--- Supplied material ---

lemma mor_of_Comp_Proj:
  "wf c \<Longrightarrow> k < ccod c \<Longrightarrow> mor_of c \<Zsemi> Proj (ccod c) k = den (cdom c) (out_term c k)"
proof (induction c arbitrary: k)
  case (CGen g) then show ?case by (simp add: mor_of_CGen Gen_Comp_Proj)
next
  case (CId n) then show ?case by (simp add: mor_of_CId Ident_Comp)
next
  case (CSym m n) then show ?case by (simp add: mor_of_CSym Swap_Comp_Proj)
next
  case (CSeq f g)
  have wf: "wf f" "wf g" "ccod f = cdom g" using CSeq.prems by auto
  have "mor_of (CSeq f g) \<Zsemi> Proj (ccod (CSeq f g)) k = mor_of f \<Zsemi> den (cdom g) (out_term g k)"
    using CSeq wf by (simp add: mor_of_CSeq Comp_assoc mdom_mor_of mcod_mor_of)
  also have "\<dots> = den (cdom f) (bsubst (out_term f) (out_term g k))"
    by (rule Comp_den)
      (use CSeq wf vars_below_out_term in \<open>simp_all add: mdom_mor_of mcod_mor_of\<close>)
  finally show ?case by simp
next
  case (CPar f g)
  have wf: "wf f" "wf g" using CPar.prems by auto
  show ?case
  proof (cases "k < ccod f")
    case True
    then have "mor_of (CPar f g) \<Zsemi> Proj (ccod (CPar f g)) k =
        den (cdom f) (out_term f k) \<otimes> mdiscard_n (cdom g)"
      using wf CPar.IH(1) Tensor_Comp_Proj_left[of k "mor_of f" "mor_of g"]
      by (simp add: mor_of_CPar mdom_mor_of mcod_mor_of)
    then show ?thesis using True wf den_Tensor_mdiscard_n vars_below_out_term by simp
  next
    case False
    then obtain i where i: "k = ccod f + i" "i < ccod g"
      using CPar.prems by (metis add_diff_inverse_nat ccod.simps(5) nat_add_left_cancel_less)
    then have "mor_of (CPar f g) \<Zsemi> Proj (ccod (CPar f g)) k =
        mdiscard_n (cdom f) \<otimes> den (cdom g) (out_term g i)"
      using wf CPar.IH(2) Tensor_Comp_Proj_right[of i "mor_of g" "mor_of f"]
      by (simp add: mor_of_CPar mdom_mor_of mcod_mor_of)
    then show ?thesis using i wf mdiscard_n_Tensor_den vars_below_out_term by simp
  qed
qed

fun beval :: "bool list \<Rightarrow> bterm \<Rightarrow> bool" where
  "beval xs (BVar i) = xs ! i"
| "beval xs BZero = False"
| "beval xs BOne = True"
| "beval xs (BAdd s t) = (beval xs s \<noteq> beval xs t)"
| "beval xs (BMul s t) = (beval xs s \<and> beval xs t)"

lemma beval_bsubst: "vars_below k t \<Longrightarrow> beval xs (bsubst \<sigma> t) = beval (map (\<lambda>j. beval xs (\<sigma> j)) [0..<k]) t"
  by (induction t) auto

lemma beval_take: "vars_below n t \<Longrightarrow> n \<le> length xs \<Longrightarrow> beval (take n xs) t = beval xs t"
  by (induction t) auto

lemma beval_bshift: "vars_below n t \<Longrightarrow> j + n \<le> length xs \<Longrightarrow> beval xs (bshift j t) = beval (drop j xs) t"
  unfolding bshift_def by (induction t) auto

lemma mor_of_eq_Tuple_den:
  "wf p \<Longrightarrow> mor_of p = Tuple (cdom p) (map (\<lambda>k. den (cdom p) (out_term p k)) [0..<ccod p])"
proof -
  assume w: "wf p"
  have "mor_of p = Tuple (cdom p) (map (\<lambda>k. mor_of p \<Zsemi> Proj (ccod p) k) [0..<ccod p])"
    using mor_eq_Tuple_components[of "mor_of p" "cdom p" "ccod p"] w by (simp add: mdom_mor_of mcod_mor_of)
  also have "\<dots> = Tuple (cdom p) (map (\<lambda>k. den (cdom p) (out_term p k)) [0..<ccod p])"
    by (intro arg_cong[where f="Tuple _"] map_cong) (simp_all add: mor_of_Comp_Proj w)
  finally show ?thesis .
qed

lemma beval_out_term: "wf c \<Longrightarrow> length xs = cdom c \<Longrightarrow> k < ccod c \<Longrightarrow> beval xs (out_term c k) = sem c xs ! k"
proof (induction c arbitrary: xs k)
  case (CGen g) then show ?case by (cases g) (auto simp: length_Suc_conv numeral_2_eq_2 One_nat_def less_Suc_eq)
next
  case (CSym m n) then show ?case by (auto simp: nth_append min_def)
next
  case (CSeq f g)
  have wf: "wf f" "wf g" "ccod f = cdom g" using CSeq.prems(1) by auto
  have b: "vars_below (cdom g) (out_term g k)"
    using vars_below_out_term[of g k] wf CSeq.prems by simp
  have m: "map (\<lambda>j. beval xs (out_term f j)) [0..<cdom g] = sem f xs"
    by (rule nth_equalityI) (use CSeq wf length_sem in auto)
  show ?case using beval_bsubst[OF b, of xs "out_term f"] m CSeq.IH(2)[of "sem f xs" k] wf CSeq.prems length_sem
    by simp
next
  case (CPar f g)
  have wf: "wf f" "wf g" using CPar.prems(1) by auto
  show ?case
  proof (cases "k < ccod f")
    case True
    have "beval xs (out_term f k) = beval (take (cdom f) xs) (out_term f k)"
      using beval_take[of "cdom f" "out_term f k" xs] vars_below_out_term[of f k] wf True CPar.prems by simp
    also have "\<dots> = sem f (take (cdom f) xs) ! k" using CPar.IH(1) True CPar.prems by simp
    finally show ?thesis using True length_sem wf CPar.prems by (simp add: nth_append)
  next
    case False
    have "beval xs (bshift (cdom f) (out_term g (k - ccod f))) = beval (drop (cdom f) xs) (out_term g (k - ccod f))"
      using beval_bshift[of "cdom g" "out_term g (k - ccod f)" "cdom f" xs]
        vars_below_out_term[of g "k - ccod f"] wf False CPar.prems by simp
    also have "\<dots> = sem g (drop (cdom f) xs) ! (k - ccod f)"
      using CPar.IH(2) False CPar.prems by simp
    finally show ?thesis using False length_sem wf CPar.prems by (simp add: nth_append)
  qed
qed auto

lemma mor_of_eqI_den:
  assumes "wf p" "wf q" "cdom p = n" "cdom q = n" "ccod p = m" "ccod q = m"
    "\<forall>k<m. den n (out_term p k) = den n (out_term q k)"
  shows "mor_of p = mor_of q"
proof -
  have "Tuple n (map (\<lambda>k. den n (out_term p k)) [0..<m]) = Tuple n (map (\<lambda>k. den n (out_term q k)) [0..<m])"
    by (intro arg_cong[where f="Tuple _"] map_cong) (simp_all add: assms(7))
  then show ?thesis using mor_of_eq_Tuple_den[OF assms(1)] mor_of_eq_Tuple_den[OF assms(2)] assms by simp
qed

fun wiring :: "circ \<Rightarrow> bool" where
  "wiring (CGen g) = (g = Copy \<or> g = Discard)"
| "wiring (CId n) = True"
| "wiring (CSym m n) = True"
| "wiring (CSeq f g) = (wiring f \<and> wiring g)"
| "wiring (CPar f g) = (wiring f \<and> wiring g)"

lemma out_term_wiring: "wf c \<Longrightarrow> wiring c \<Longrightarrow> k < ccod c \<Longrightarrow> \<exists>j<cdom c. out_term c k = BVar j"
proof (induction c arbitrary: k)
  case (CGen g) then show ?case by auto
next
  case (CSym m n) then show ?case by auto
next
  case (CSeq f g)
  have w: "wf f" "wf g" "ccod f = cdom g" "wiring f" "wiring g" using CSeq.prems by auto
  obtain j where j: "j < cdom g" "out_term g k = BVar j" using CSeq.IH(2)[of k] w CSeq.prems by auto
  obtain i where i: "i < cdom f" "out_term f j = BVar i" using CSeq.IH(1)[of j] w j by auto
  show ?case using i j by simp
next
  case (CPar f g)
  show ?case
  proof (cases "k < ccod f")
    case True
    obtain j where j: "j < cdom f" "out_term f k = BVar j"
      using CPar.IH(1)[of k] CPar.prems True by auto
    then show ?thesis using True by simp
  next
    case False
    have "k - ccod f < ccod g" using False CPar.prems by simp
    then obtain j where j: "j < cdom g" "out_term g (k - ccod f) = BVar j"
      using CPar.IH(2)[of "k - ccod f"] CPar.prems by auto
    then show ?thesis using False by (auto simp: bshift_def)
  qed
qed auto
(* Let $0\le\alpha<\bar\alpha\le1$, $\eta\in(0,1]$ and $p\ge\frac1\eta$. Let $\gamma\in C([0,1],\mathbf T^2)$ with $|\gamma|_\alpha<\infty$ and $A\in\Omega$ with $|A|_{\mathrm{symm}\,\bar\alpha}+|A|_{\mathrm{gr}\eta}<\infty$. Then $$|\gamma_A|_{p\text{-var}}\le|A|_{\mathrm{gr}\eta}|\gamma|^\eta_{p\eta\text{-var}}+2^{\bar\alpha/\alpha}\zeta(\bar\alpha/\alpha)|A|_{\mathrm{symm}\,\bar\alpha}|\gamma|_\alpha^{\bar\alpha/\alpha}.$$
   Context: $E$ is a Banach space; $\mathbf T^2=[-\frac12,\frac12)^2$ with geodesic distance; $\mathcal X=\mathbf T^2\times\{|v|\le\frac14\}$; $\Omega$ is the space of measurable $A:\mathcal X\to E$ additive under concatenation of joinable collinear segments; $|A|_{\mathrm{gr}\eta}=\sup_{|\ell|>0}|A(\ell)|/|\ell|^\eta$; $|A|_{\mathrm{symm}\,\bar\alpha}=\sup|A(\partial P)-A(\partial\bar P)|/|P;\bar P|^{\bar\alpha/2}$ over triangles $P,\bar P$ (contained in sets of diameter $\le\frac14$), where $A(\partial P)$ is the sum of $A$ over the oriented sides and $|P;\bar P|$ is the area of the symmetric difference of their interiors if they have the same orientation and $|P|+|\bar P|$ otherwise. All paths have diameter $\le\frac14$. For a partition $D$ of $[0,1]$, $\gamma^D$ is the piecewise affine interpolation and $A(\gamma^D)$ the sum of $A$ over its pieces; $\gamma_A(t)=\lim_{|D|\to0}A(\gamma^D\restriction_{[0,t]})$ (this limit exists under the hypotheses). With $P_{sut}$ the triangle formed by $\gamma(s),\gamma(u),\gamma(t)$, $|\gamma|_{[s,t]}=\sup_{u\in[s,t]}|P_{sut}|^{1/2}$ and $|\gamma|_\alpha=\sup_D\sum_{[a,b]\in D}|\gamma|^\alpha_{[a,b]}$. For a path $x$ in a metric space, $|x|^p_{p\text{-var}}=\sup_D\sum_{[s,t]\in D}d(x(s),x(t))^p$. *)

theory Defs
  imports "HOL-Analysis.Analysis"
begin
lemma adjacent_topspace: "adjacent y z \<Longrightarrow> y \<in> topspace T \<and> z \<in> topspace T"
  unfolding adjacent_def using tnbhd_mem tnbhd_subset_topspace by blast

lemma rtranclp_adjacent_topspace: "adjacent\<^sup>*\<^sup>* x y \<Longrightarrow> x \<in> topspace T \<Longrightarrow> y \<in> topspace T"
  by (induction rule: rtranclp_induct) (auto dest: adjacent_topspace)

lemma separation_not_adjacent:
  assumes "\<forall>y\<in>B. tnbhd sig p y (f y)" and "\<forall>z\<in>C. tnbhd sig p z (g z)"
    and "(\<Union>y\<in>B. f y) \<inter> (\<Union>z\<in>C. g z) = {}"
    and "y \<in> B" and "z \<in> C"
  shows "\<not> adjacent y z"
proof
  assume "adjacent y z"
  then obtain U where "tnbhd sig p y U" "z \<in> U" unfolding adjacent_def by blast
  then have "z \<in> f y" using tnbhd_unique assms(1,4) by blast
  moreover have "z \<in> g z" using tnbhd_mem assms(2,5) by blast
  ultimately show False using assms(3-5) by blast
qed

lemma separation_of_class_trivial:
  assumes "Collect (adjacent\<^sup>*\<^sup>* x) = B \<union> C" and "x \<in> B"
    and f: "\<forall>y\<in>B. tnbhd sig p y (f y)" and g: "\<forall>z\<in>C. tnbhd sig p z (g z)"
    and disjoint: "(\<Union>y\<in>B. f y) \<inter> (\<Union>z\<in>C. g z) = {}"
  shows "C = {}"
proof -
  have class_in_B: "adjacent\<^sup>*\<^sup>* x y \<Longrightarrow> y \<in> B" for y
  proof (induction rule: rtranclp_induct)
    case base
    show ?case using \<open>x \<in> B\<close> .
  next
    case (step y z)
    have "z \<in> Collect (adjacent\<^sup>*\<^sup>* x)"
      using step.hyps by (simp add: rtranclp.rtrancl_into_rtrancl)
    then have "z \<in> B \<union> C" unfolding assms(1) .
    moreover have "z \<notin> C"
      using separation_not_adjacent[OF f g disjoint step.IH] step.hyps(2) by blast
    ultimately show ?case by blast
  qed
  have "c \<notin> C" for c
  proof
    assume "c \<in> C"
    then have "c \<in> Collect (adjacent\<^sup>*\<^sup>* x)" unfolding assms(1) ..
    then have "c \<in> B" using class_in_B by simp
    moreover have "adjacent c c" using f \<open>c \<in> B\<close> tnbhd_mem unfolding adjacent_def by blast
    ultimately show False using separation_not_adjacent[OF f g disjoint _ \<open>c \<in> C\<close>] by blast
  qed
  then show "C = {}" by blast
qed

lemma tconnected_adjacent_class: "tconnected sig p (Collect (adjacent\<^sup>*\<^sup>* x))"
  unfolding tconnected_def
proof (intro notI, elim exE conjE)
  fix B C f g
  assume "B \<noteq> {}" "C \<noteq> {}" and split: "Collect (adjacent\<^sup>*\<^sup>* x) = B \<union> C"
    and f: "\<forall>y\<in>B. tnbhd sig p y (f y)" and g: "\<forall>z\<in>C. tnbhd sig p z (g z)"
    and disjoint: "(\<Union>y\<in>B. f y) \<inter> (\<Union>z\<in>C. g z) = {}"
  have "x \<in> B \<union> C" using split by auto
  then show False
  proof
    assume "x \<in> B"
    then show False
      using separation_of_class_trivial[of x B C f g] \<open>C \<noteq> {}\<close> split disjoint f g by blast
  next
    assume "x \<in> C"
    then show False
      using separation_of_class_trivial[of x C B g f] \<open>B \<noteq> {}\<close> split disjoint f g
      by (simp add: Un_commute Int_commute)
  qed
qed

end

locale least_typed_space = typed_space +
  assumes least_nbhd: "least_nbhd T sig p"
begin

lemma tnbhd_exists: "x \<in> topspace T \<Longrightarrow> \<exists>U. tnbhd sig p x U"
  using least_nbhd unfolding least_nbhd_def by blast

lemma acc_pt_iff_adjacent: "acc_pt T sig p A y \<longleftrightarrow> y \<in> topspace T \<and> (\<exists>a\<in>A. adjacent y a)"
  unfolding acc_pt_def adjacent_def using tnbhd_exists tnbhd_unique by blast

lemma CL1_eq_adjacent: "CL1 T sig p A = A \<union> {y \<in> topspace T. \<exists>a\<in>A. adjacent y a}"
  unfolding CL1_def acc_pt_iff_adjacent by auto

end

locale symmetric_typed_space = least_typed_space +
  assumes p_symmetric: "p_symmetric T sig p"
begin

lemma symp_adjacent: "symp adjacent"
proof (rule sympI)
  fix y z
  assume "adjacent y z"
  then obtain U where U: "tnbhd sig p y U" "z \<in> U" unfolding adjacent_def by blast
  have top: "y \<in> topspace T" "z \<in> topspace T" using adjacent_topspace \<open>adjacent y z\<close> by auto
  obtain V where V: "tnbhd sig p z V" using tnbhd_exists top by blast
  show "adjacent z y"
  proof (rule ccontr)
    assume "\<not> adjacent z y"
    then have "y \<notin> V" using V adjacent_def by blast
    then obtain W where "tnbhd sig p y W" "z \<notin> W"
      using p_symmetric top V unfolding p_symmetric_def by blast
    with U tnbhd_unique show False by blast
  qed
qed

lemma CLn_subset_rtranclp_adjacent: "CLn T sig p n A \<subseteq> {y. \<exists>a\<in>A. adjacent\<^sup>*\<^sup>* a y}"
proof (induction n)
  case 0
  show ?case by (auto simp: CLn_def)
next
  case (Suc n)
  have "adjacent\<^sup>*\<^sup>* a z" if "adjacent\<^sup>*\<^sup>* a y" "adjacent z y" for a y z
    using that symp_adjacent by (meson rtranclp.rtrancl_into_rtrancl sympD)
  then show ?case using Suc.IH by (fastforce simp: CLn_def CL1_eq_adjacent)
qed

--- About this exercise ---
Scan the records for the string "intro" and show every line that contains it.

--- Answer below ---
    by (intro arg_cong[where f="Tuple _"] map_cong) (simp_all add: mor_of_Comp_Proj w)
    by (intro arg_cong[where f="Tuple _"] map_cong) (simp_all add: assms(7))
proof (intro notI, elim exE conjE)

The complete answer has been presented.